Problem statement
Copy exactly the lines of the data below that run from the line holding "using v(3) by (simp add: mult_le_0_iff)" through the line holding "(P *v x) \<le> c *", both ends included.

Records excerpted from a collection
——————————

lemma sing_val_mult_right_le:
  fixes B :: "real^'n^'m" and N :: "real^'p^'n"
  assumes i: "1 \<le> i" "i \<le> CARD('p)" "i \<le> CARD('n)"
    and c: "0 < c" "\<And>x. norm (N *v x) \<le> c * norm x"
  shows "sing_val i (B ** N) \<le> c * sing_val i B"
proof (rule sing_val_least[OF i(2)])
  fix V :: "(real^'p) set" assume V: "subspace V" "dim V = i"
  show "inf_stretch (B ** N) V \<le> c * sing_val i B"
  proof (cases "inj_on ((*v) N) V")
    case True
    let ?W = "(*v) N ` V"
    have "inj_on ((*v) N) (span V)"
      using True V(1) by (simp add: span_eq_iff[THEN iffD2])
    then have W: "subspace ?W" "dim ?W = i"
      using V dim_image_eq[OF matrix_vector_mul_linear] linear_subspace_image[OF matrix_vector_mul_linear]
      by auto
    have "inf_stretch (B ** N) V \<le> c * norm (B *v w)" if w: "w \<in> ?W" "norm w = 1" for w
    proof -
      obtain v where v: "v \<in> V" "w = N *v v" using w(1) by auto
      with w(2) have "v \<noteq> 0" by auto
      have "inf_stretch (B ** N) V \<le> inf_stretch (B ** N) V * (c * norm v)"
        using c(2)[of v] v w(2) inf_stretch_nonneg[of V "B ** N"] V i(1)
        by (simp add: mult_le_cancel_left1)
      also have "\<dots> \<le> c * norm (B *v w)"
        using inf_stretch_mult_norm_le[OF V(1) v(1) \<open>v \<noteq> 0\<close>, of "B ** N"] c(1)
        by (simp add: v(2) matrix_vector_mul_assoc[symmetric] mult.left_commute)
      finally show ?thesis .
    qed
    then have "inf_stretch (B ** N) V / c \<le> inf_stretch B ?W"
      using W i(1) c(1) by (intro inf_stretch_greatest) (auto simp: field_simps)
    then have "inf_stretch (B ** N) V \<le> c * inf_stretch B ?W"
      using c(1) by (simp add: field_simps)
    also have "\<dots> \<le> c * sing_val i B"
      using inf_stretch_le_sing_val[OF W i(1), of B] c(1) by simp
    finally show ?thesis .
  next
    case False
    then obtain v where v: "v \<in> V" "N *v v = 0" "v \<noteq> 0"
      using linear_inj_on_iff_eq_0[OF matrix_vector_mul_linear V(1)] by blast
    have "inf_stretch (B ** N) V * norm v \<le> 0"
      using inf_stretch_mult_norm_le[OF V(1) v(1,3), of "B ** N"] v(2)
      by (simp add: matrix_vector_mul_assoc[symmetric])
    then have "inf_stretch (B ** N) V \<le> 0"
      using v(3) by (simp add: mult_le_0_iff)
    also have "0 \<le> c * sing_val i B" using sing_val_nonneg[OF i(1,3), of B] c(1) by simp
    finally show ?thesis .
  qed
qed

lemma sing_val_le_mult_right_inverse:
  fixes B :: "real^'n^'m" and N :: "real^'p^'n" and P :: "real^'n^'p"
  assumes "N ** P = mat 1" and i: "1 \<le> i" "i \<le> CARD('n)" "i \<le> CARD('p)"
    and c: "0 < c" "\<And>x. norm (P *v x) \<le> c * norm x"
  shows "sing_val i B \<le> c * sing_val i (B ** N)"
  using sing_val_mult_right_le[OF i(1,2,3) c, of "B ** N"] assms(1)
  by (simp flip: matrix_mul_assoc)

lemma ln_sing_val_mult_right_invertible_bounded:
  fixes N :: "real^'p^'n" and P :: "real^'n^'p"
  assumes "N ** P = mat 1" and i: "1 \<le> i" "i \<le> CARD('n)" "i \<le> CARD('p)"
  obtains K where "\<And>B :: real^'n^'m. 0 < sing_val i B \<Longrightarrow>
    0 < sing_val i (B ** N) \<and> \<bar>ln (sing_val i (B ** N)) - ln (sing_val i B)\<bar> \<le> K"
proof -
  obtain c1 where c1: "0 < c1" "\<And>x. norm (N *v x) \<le> c1 * norm x"
    using linear_bounded_pos[OF matrix_vector_mul_linear[of N]] by blast
  obtain c2 where c2: "0 < c2" "\<And>x. norm (P *v x) \<le> c2 * norm x"
    using linear_bounded_pos[OF matrix_vector_mul_linear[of P]] by blast
  have "0 < sing_val i (B ** N) \<and> \<bar>ln (sing_val i (B ** N)) - ln (sing_val i B)\<bar> \<le> \<bar>ln c1\<bar> + \<bar>ln c2\<bar>"
    if B: "0 < sing_val i B" for B :: "real^'n^'m"
  proof -
    have up: "sing_val i (B ** N) \<le> c1 * sing_val i B"
      using sing_val_mult_right_le[OF i(1,3,2) c1] .
    have lo: "sing_val i B \<le> c2 * sing_val i (B ** N)"
      using sing_val_le_mult_right_inverse[OF assms c2] .
    with B c2(1) have pos: "0 < sing_val i (B ** N)"
      by (smt (verit) mult_nonneg_nonpos)
    have "ln (sing_val i (B ** N)) \<le> ln (c1 * sing_val i B)"
      using up pos by simp
    then have "ln (sing_val i (B ** N)) \<le> ln c1 + ln (sing_val i B)"
      using B c1(1) by (simp add: ln_mult)
    moreover have "ln (sing_val i B) \<le> ln (c2 * sing_val i (B ** N))"
      using lo B by simp
    then have "ln (sing_val i B) \<le> ln c2 + ln (sing_val i (B ** N))"
      using pos c2(1) by (simp add: ln_mult)
    ultimately show ?thesis using pos by linarith
  qed
  then show ?thesis using that by blast
qed

lemma leibniz_sum_eq_0_if_kernel:
  fixes S :: "nat \<Rightarrow> nat \<Rightarrow> real" and v :: "nat \<Rightarrow> real"
  assumes "\<And>a. a < k \<Longrightarrow> (\<Sum>b<k. S a b * v b) = 0" and "b0 < k" and "v b0 \<noteq> 0"
  shows "(\<Sum>p | p permutes {..<k}. of_int (sign p) * (\<Prod>a<k. S a (p a))) = 0"
proof -
  define S' where "S' = Matrix.mat k k (\<lambda>(a, b). S a b)"
  define v' where "v' = vec k v"
  have S': "S' \<in> carrier_mat k k" by (simp add: S'_def)
  have v': "v' \<in> carrier_vec k" by (simp add: v'_def)
  have "v' \<noteq> 0\<^sub>v k" using assms(2,3) by (auto simp: v'_def vec_eq_iff)
  moreover have "S' *\<^sub>v v' = 0\<^sub>v k"
    using assms(1) by (auto simp: S'_def v'_def vec_eq_iff scalar_prod_def lessThan_atLeast0 intro!: sum.cong)
  ultimately have "det S' = 0" using det_0_iff_vec_prod_zero[OF S'] v' by blast
  moreover have "det S' = (\<Sum>p | p permutes {..<k}. of_int (sign p) * (\<Prod>a<k. S a (p a)))"
    unfolding det_def'[OF S'] by (auto simp: S'_def lessThan_atLeast0 intro!: sum.cong prod.cong)
  ultimately show ?thesis by simp
qed

lemma minor_eq_0_if_rank_less:
  fixes B :: "real^('d::{finite,linorder})^('d::{finite,linorder})"
  assumes "rank B < CARD('k::finite)"
  shows "minor CARD('k) B I J = 0"
proof -
  let ?k = "CARD('k)"
  define rs where "rs = sorted_list_of_set I"
  define js where "js = sorted_list_of_set J"
  obtain h :: "'k \<Rightarrow> nat" where h: "bij_betw h UNIV {0..<?k}"
    using ex_bij_betw_finite_nat[of "UNIV :: 'k set"] by auto
  then have inj: "inj h" by (simp add: bij_betw_def)
  \<comment> \<open>E selects the columns of B indexed by J, so a kernel vector of B ** E is a kernel
    vector of the square matrix whose determinant is the minor.\<close>
  define E :: "real^'k^'d::{finite,linorder}" where "E = (\<chi> r c. if r = js ! h c then 1 else 0)"
  have BE: "(B ** E) $ r $ c = B $ r $ (js ! h c)" for r c
    by (simp add: E_def matrix_matrix_mult_def if_distrib[of "\<lambda>z. B $ r $ _ * z"] cong: if_cong)
  have "rank (B ** E) \<noteq> ?k" using rank_mul_le_left[of B E] assms by linarith
  then obtain x where x: "x \<noteq> 0" "(B ** E) *v x = 0"
    using matrix_nonfull_linear_equations_eq by blast
  define v where "v b = x $ inv_into UNIV h b" for b
  have reindex: "(\<Sum>c\<in>UNIV. f (h c) * x $ c) = (\<Sum>b<?k. f b * v b)" for f :: "nat \<Rightarrow> real"
    using sum.reindex_bij_betw[OF h, of "\<lambda>b. f b * v b"]
    by (simp add: v_def inv_into_f_f[OF inj] atLeast0LessThan)
  obtain c0 where c0: "x $ c0 \<noteq> 0"
    using x(1) by (auto simp: Finite_Cartesian_Product.vec_eq_iff)
  have kernel: "(\<Sum>b<?k. B $ (rs ! a) $ (js ! b) * v b) = 0" for a
    using arg_cong[OF x(2), of "\<lambda>y. y $ (rs ! a)"] reindex[of "\<lambda>b. B $ (rs ! a) $ (js ! b)"]
    by (simp add: matrix_vector_mult_def BE)
  have "h c0 < ?k" "v (h c0) \<noteq> 0"
    using h c0 by (auto simp: v_def inv_into_f_f[OF inj] bij_betw_def)
  then show ?thesis
    unfolding minor_def rs_def[symmetric] js_def[symmetric]
    by (rule leibniz_sum_eq_0_if_kernel[OF kernel])
qed
lemma sesq_loc_mat:
  assumes g: "real_cpoly n g" "\<forall>(\<gamma>, \<delta>)\<in>psupp g. mdeg \<gamma> \<le> N - d \<and> mdeg \<delta> \<le> N - d"
  shows "sesq B (loc_mat g y) x x
    = (\<Sum>(\<gamma>, \<delta>)\<in>psupp g. g \<gamma> \<delta> * ip (coord_comb B x \<gamma>) (coord_comb B x \<delta>))"
proof -
  have shifted: "madd b \<gamma> \<in> midx n N" if "b \<in> B" "length \<gamma> = n" "mdeg \<gamma> \<le> N - d" for b \<gamma>
    using that basis_low_degree degree_gap by (intro midx_madd[where s=d]) auto
  have supp: "\<forall>(\<gamma>, \<delta>)\<in>psupp g. length \<gamma> = n \<and> length \<delta> = n"
    using g(1) unfolding real_cpoly_def by auto
  let ?t = "\<lambda>a b p. g (fst p) (snd p) * (cnj (x a) * y (madd a (fst p)) (madd b (snd p)) * x b)"
  have "sesq B (loc_mat g y) x x = (\<Sum>a\<in>B. \<Sum>b\<in>B. \<Sum>p\<in>psupp g. ?t a b p)"
    unfolding sesq_def loc_mat_def
    by (simp add: sum_distrib_left sum_distrib_right algebra_simps case_prod_beta)
  also have "\<dots> = (\<Sum>a\<in>B. \<Sum>p\<in>psupp g. \<Sum>b\<in>B. ?t a b p)"
    by (intro sum.cong refl) (rule sum.swap)
  also have "\<dots> = (\<Sum>p\<in>psupp g. \<Sum>a\<in>B. \<Sum>b\<in>B. ?t a b p)"
    by (rule sum.swap)
  also have "\<dots> = (\<Sum>(\<gamma>, \<delta>)\<in>psupp g. g \<gamma> \<delta> *
      (\<Sum>a\<in>B. \<Sum>b\<in>B. cnj (x a) * y (madd a \<gamma>) (madd b \<delta>) * x b))"
    by (simp add: sum_distrib_left case_prod_beta)
  also have "\<dots> = (\<Sum>(\<gamma>, \<delta>)\<in>psupp g. g \<gamma> \<delta> * ip (coord_comb B x \<gamma>) (coord_comb B x \<delta>))"
    unfolding coord_comb_def
  proof (intro sum.cong refl, clarify)
    fix \<gamma> \<delta> assume "(\<gamma>, \<delta>) \<in> psupp g"
    then have "length \<gamma> = n" "mdeg \<gamma> \<le> N - d" "length \<delta> = n" "mdeg \<delta> \<le> N - d"
      using g(2) supp by auto
    then have "\<forall>a\<in>B. madd a \<gamma> \<in> midx n N" "\<forall>b\<in>B. madd b \<delta> \<in> midx n N"
      using shifted by auto
    then show "g \<gamma> \<delta> * (\<Sum>a\<in>B. \<Sum>b\<in>B. cnj (x a) * y (madd a \<gamma>) (madd b \<delta>) * x b)
        = g \<gamma> \<delta> * ip (\<Sum>\<alpha>\<in>B. vscale (x \<alpha>) (coord (madd \<alpha> \<gamma>)))
            (\<Sum>\<alpha>\<in>B. vscale (x \<alpha>) (coord (madd \<alpha> \<delta>)))"
      by (simp add: sesq_shifted_moments[OF finite_basis])
  qed
  finally show ?thesis .
qed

——————————

Task answer
      using v(3) by (simp add: mult_le_0_iff)
    also have "0 \<le> c * sing_val i B" using sing_val_nonneg[OF i(1,3), of B] c(1) by simp
    finally show ?thesis .
  qed
qed

lemma sing_val_le_mult_right_inverse:
  fixes B :: "real^'n^'m" and N :: "real^'p^'n" and P :: "real^'n^'p"
  assumes "N ** P = mat 1" and i: "1 \<le> i" "i \<le> CARD('n)" "i \<le> CARD('p)"
    and c: "0 < c" "\<And>x. norm (P *v x) \<le> c * norm x"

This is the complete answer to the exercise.